| EXERCISE BRIEF |
Please reproduce the full set of data below exactly.

══ EXTRACTED DATA ══

lemma continuous_map_unit_speed: "continuous_map euclidean mtopology unit_speed"
  unfolding continuous_map_to_metric
proof (intro ballI allI impI)
  fix \<sigma> \<epsilon> :: real assume "0 < \<epsilon>"
  have "unit_speed \<tau> \<in> mball (unit_speed \<sigma>) \<epsilon>" if "\<tau> \<in> ball \<sigma> \<epsilon>" for \<tau>
    using that unit_speed_lipschitz[of \<sigma> \<tau>] by (simp add: dist_real_def)
  then show "\<exists>U. openin euclidean U \<and> \<sigma> \<in> U \<and> (\<forall>\<tau>\<in>U. unit_speed \<tau> \<in> mball (unit_speed \<sigma>) \<epsilon>)"
    using \<open>0 < \<epsilon>\<close> by (intro exI[of _ "ball \<sigma> \<epsilon>"]) auto
qed

lemma line_integral_unit_speed:
  "line_integral \<rho> (a, b, \<gamma>) g = (\<integral>\<^sup>+\<sigma>. g (unit_speed \<sigma>) * indicator {0..arclength b} \<sigma> \<partial>lborel)"
  unfolding line_integral_def Let_def prod.case
proof (rule nn_integral_cong)
  fix \<sigma> :: real
  show "g (\<gamma> (SOME u. a \<le> u \<and> u \<le> b \<and> enn2real (curve_length \<rho> \<gamma> a u) = \<sigma>))
      * indicator {0..enn2real (curve_length \<rho> \<gamma> a b)} \<sigma>
    = g (unit_speed \<sigma>) * indicator {0..arclength b} \<sigma>"
    by (cases "0 \<le> \<sigma> \<and> \<sigma> \<le> arclength b")
      (auto simp: unit_speed_def clamp param_def arclength_def len_def)
qed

═══

| OUTPUT BELOW |
lemma continuous_map_unit_speed: "continuous_map euclidean mtopology unit_speed"
  unfolding continuous_map_to_metric
proof (intro ballI allI impI)
  fix \<sigma> \<epsilon> :: real assume "0 < \<epsilon>"
  have "unit_speed \<tau> \<in> mball (unit_speed \<sigma>) \<epsilon>" if "\<tau> \<in> ball \<sigma> \<epsilon>" for \<tau>
    using that unit_speed_lipschitz[of \<sigma> \<tau>] by (simp add: dist_real_def)
  then show "\<exists>U. openin euclidean U \<and> \<sigma> \<in> U \<and> (\<forall>\<tau>\<in>U. unit_speed \<tau> \<in> mball (unit_speed \<sigma>) \<epsilon>)"
    using \<open>0 < \<epsilon>\<close> by (intro exI[of _ "ball \<sigma> \<epsilon>"]) auto
qed

lemma line_integral_unit_speed:
  "line_integral \<rho> (a, b, \<gamma>) g = (\<integral>\<^sup>+\<sigma>. g (unit_speed \<sigma>) * indicator {0..arclength b} \<sigma> \<partial>lborel)"
  unfolding line_integral_def Let_def prod.case
proof (rule nn_integral_cong)
  fix \<sigma> :: real
  show "g (\<gamma> (SOME u. a \<le> u \<and> u \<le> b \<and> enn2real (curve_length \<rho> \<gamma> a u) = \<sigma>))
      * indicator {0..enn2real (curve_length \<rho> \<gamma> a b)} \<sigma>
    = g (unit_speed \<sigma>) * indicator {0..arclength b} \<sigma>"
    by (cases "0 \<le> \<sigma> \<and> \<sigma> \<le> arclength b")
      (auto simp: unit_speed_def clamp param_def arclength_def len_def)
qed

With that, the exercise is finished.